Changes to Tweet Entities for Retweets


#1

Today, we are announcing a change to [node:127, title="Tweet Entities"] that improves an existing behavior with Retweets. While this should be transparent, it might be a breaking change in some cases, so we want to make sure everyone has the opportunity to review their applications before we start rolling it out on January 6, 2014.

Please note only the applications relying on top-level text and entities for Retweets instead of the ones nested in retweeted_status are impacted by this change. We strongly recommend using the text and entities fields from the retweeted_status object when working with Retweets.

As described in the documentation of [node:127, title="Entities for Retweets", hash="retweets"], a Retweet top-level text property may be truncated further to the addition of the “RT @ username: ” prefix. This attribute has been used to extract entities and consequently, an entity might be missing or incorrect.

The change we are introducing uses the original Tweet instead to correct this behavior.
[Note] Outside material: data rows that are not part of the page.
(* Let $g\in\mathcal D$, let $Y_1,Y_2$ be i.i.d. with density $g$, let $k\in\mathbb N$ and define $h:[0,1)^2\to\mathbb R$ by $$h(y_1,y_2):=\sum_{j\in\mathbb Z:|j|\in[k]}(e_j(-y_1)-g_j)(e_j(y_2)-\overline{g_j}).$$ Then $h$ is real-valued, bounded, symmetric and satisfies $\mathbb E[h(Y_1,y_2)]=0$ for all $y_2\in[0,1)$. Moreover, with $\mathsf A:=8k$, $\mathsf B:=3\|g_\bullet\|_{\ell^2}(2k)^{3/4}$, $\mathsf C:=2\|g_\bullet\|_{\ell^2}(2k)^{1/2}$ and $\mathsf D:=\mathsf C$, one has $\sup_{y_1,y_2}|h(y_1,y_2)|\le\mathsf A$, $\sup_{y_2}\mathbb E h^2(Y_1,y_2)\le\mathsf B^2$, $\mathbb E h^2(Y_1,Y_2)\le\mathsf C^2$ and $\sup\{\mathbb E[h(Y_1,Y_2)\zeta(Y_1)\xi(Y_2)]:\mathbb E\zeta^2(Y_1)\le1,\mathbb E\xi^2(Y_2)\le1\}\le\mathsf D$. If in addition $L^2(g)=L^2_{\mathbb R}$, then the last inequality also holds with $\mathsf D:=4\|g_\bullet\|_{\ell^1}$.
   Context: $L^2:=L^2([0,1))$ complex-valued square-integrable functions with $\langle h_1,h_2\rangle=\int_0^1h_1\overline{h_2}$. $e_j(x):=\exp(-\mathrm i2\pi jx)$, $h_j:=\langle h,e_j\rangle$ for $j\in\mathbb Z$; $\|h_\bullet\|_{\ell^p}:=(\sum_{j\in\mathbb Z}|h_j|^p)^{1/p}$. $\mathcal D$ is the set of real-valued probability densities on $[0,1)$ in $L^2$. $[k]:=\{1,\dots,k\}$. For a density $g$, $L^2(g)$ is the set of real-valued Borel functions $u$ on $[0,1)$ with $\int_0^1u^2g<\infty$, and $L^2_{\mathbb R}:=L^2(\mathbb 1_{[0,1)})$. The suprema over $\zeta,\xi$ range over real Borel functions. *)

theory Defs
  imports "HOL-Analysis.Analysis"
begin

definition ej :: "int \<Rightarrow> real \<Rightarrow> complex" where
  "ej j x = exp (- \<i> * complex_of_real (2 * pi * real_of_int j * x))"

definition fcoef :: "(real \<Rightarrow> real) \<Rightarrow> int \<Rightarrow> complex" where
  "fcoef g j = (LINT x:{0..<1}|lborel. complex_of_real (g x) * cnj (ej j x))"

definition dens_D :: "(real \<Rightarrow> real) \<Rightarrow> bool" where
  "dens_D g \<longleftrightarrow> g \<in> borel_measurable borel \<and> (\<forall>x\<in>{0..<1}. 0 \<le> g x)
     \<and> set_integrable lborel {0..<1} g \<and> (LINT x:{0..<1}|lborel. g x) = 1
     \<and> set_integrable lborel {0..<1} (\<lambda>x. (g x)\<^sup>2)"

definition L2w :: "(real \<Rightarrow> real) \<Rightarrow> (real \<Rightarrow> real) set" where
  "L2w g = {u. u \<in> borel_measurable borel \<and>
      (\<integral>\<^sup>+ x. ennreal ((u x)\<^sup>2 * g x) * indicator {0..<1} x \<partial>lborel) < \<infinity>}"

definition hker :: "(real \<Rightarrow> real) \<Rightarrow> nat \<Rightarrow> real \<Rightarrow> real \<Rightarrow> complex" where
  "hker g k y1 y2 = (\<Sum>j\<in>{j::int. 1 \<le> \<bar>j\<bar> \<and> \<bar>j\<bar> \<le> int k}.
      (ej j (- y1) - fcoef g j) * (ej j y2 - cnj (fcoef g j)))"

definition l2norm_fc :: "(real \<Rightarrow> real) \<Rightarrow> real" where
  "l2norm_fc g = sqrt (\<Sum>\<^sub>\<infinity>j\<in>(UNIV::int set). (cmod (fcoef g j))\<^sup>2)"

definition l1norm_fc :: "(real \<Rightarrow> real) \<Rightarrow> real" where
  "l1norm_fc g = (\<Sum>\<^sub>\<infinity>j\<in>(UNIV::int set). cmod (fcoef g j))"

end

theory Submission
  imports Defs
begin

text \<open>
  With the centred characters c_j(y) = e_j(-y) - g_j (\<open>cchar\<close>) the kernel is
  h(y1,y2) = sum_{j in J} c_j(y1) conj(c_j(y2)) with J = {1 <= |j| <= k}. Since c_{-j} = conj(c_j)
  it is real and symmetric, and E c_j(Y) = 0 makes it degenerate. Every second moment of h is
  governed by the Gram matrix G_jl = E c_j(Y) conj(c_l(Y)) = g_{j-l} - g_j conj(g_l): for instance
  E h^2(Y1,Y2) = ||G||_F^2, and ||G||_F^2 <= 8k ||g||_2^2 because |G_jl|^2 <= 2|g_{j-l}|^2 + 2|g_l|^2,
  while ||g||_2 >= |g_0| = 1 absorbs lower powers of ||g||_2.
  For a test function z with E z^2(Y) <= 1 the coefficients a_j = E z(Y) c_j(Y) satisfy the
  Bessel-type inequality (sum |a_j|^2)^2 <= sum_{j,l} |a_j| |a_l| |G_jl| for the non-orthogonal
  family (c_j). Hence sum |a_j|^2 is at most ||G||_F and, by the Schur test, at most the largest
  row sum 2 ||g||_1 of |G|. Finally E h(Y1,Y2) z(Y1) x(Y2) = Re sum_j a_j(z) conj(a_j(x)).
\<close>

section \<open>Weighted integrals\<close>

lemma integrable_weighted_mult:
  fixes w f k :: "'a \<Rightarrow> real"
  assumes [measurable]: "w \<in> borel_measurable M" "f \<in> borel_measurable M" "k \<in> borel_measurable M"
    and w: "\<And>x. 0 \<le> w x"
    and f2: "integrable M (\<lambda>x. w x * (f x)\<^sup>2)" and k2: "integrable M (\<lambda>x. w x * (k x)\<^sup>2)"
  shows "integrable M (\<lambda>x. w x * f x * k x)"
proof (rule Bochner_Integration.integrable_bound)
  show "integrable M (\<lambda>x. w x * (f x)\<^sup>2 + w x * (k x)\<^sup>2)"
    using f2 k2 by simp
  show "AE x in M. norm (w x * f x * k x) \<le> norm (w x * (f x)\<^sup>2 + w x * (k x)\<^sup>2)"
  proof (rule AE_I2)
    fix x
    have "2 * (\<bar>f x\<bar> * \<bar>k x\<bar>) \<le> (f x)\<^sup>2 + (k x)\<^sup>2"
      using sum_squares_bound[of "\<bar>f x\<bar>" "\<bar>k x\<bar>"] by (simp add: mult.assoc)
    then have "\<bar>f x * k x\<bar> \<le> (f x)\<^sup>2 + (k x)\<^sup>2"
      unfolding abs_mult using zero_le_mult_iff[of "\<bar>f x\<bar>" "\<bar>k x\<bar>"] by linarith
    from mult_left_mono[OF this w]
    show "norm (w x * f x * k x) \<le> norm (w x * (f x)\<^sup>2 + w x * (k x)\<^sup>2)"
      using w[of x] by (simp add: abs_mult distrib_left mult.assoc)
  qed
qed simp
While this will ensure every Retweet has consistent top-level entities, the related from/to indices may now point to a truncated portion of the text attribute, or even only to the final ellipsis character.

Check out the following Retweet example to illustrate the change: https://twitter.com/romainhuet/status/390435661129740288

JSON extract of the Retweet before the change:

{
  ...
  "text": "RT @university: Learn more about the powerful #Linux container engine @docker in this video intro with @solomonstre - http:\/\/t.co\/QJLdA1762\u2026",
  "entities": {
    "hashtags": [{
      "text": "Linux",
      "indices": [46, 52]
    }],
    "symbols": [],
    "urls": [],
    "user_mentions": [{
      "screen_name": "university",
      "name": "Twitter University",
      "id": 1665823832,
      "id_str": "1665823832",
      "indices": [3, 14]
    }, {
      "screen_name": "docker",
      "name": "Docker",
      "id": 1138959692,
      "id_str": "1138959692",
      "indices": [70, 77]
    }, {
      "screen_name": "solomonstre",
      "name": "Solomon Hykes",
      "id": 9551792,
      "id_str": "9551792",
      "indices": [103, 115]
    }]
  }
}

Since the URL was truncated in the top-level text, previously the URL entity would be missing. With this change, the URL entity will be included and its indices will start at the beginning of the URL text, but actually end at the ellipsis character. The URL entity will contain the entire shortened URL, even though that URL is not fully contained in the Retweet text.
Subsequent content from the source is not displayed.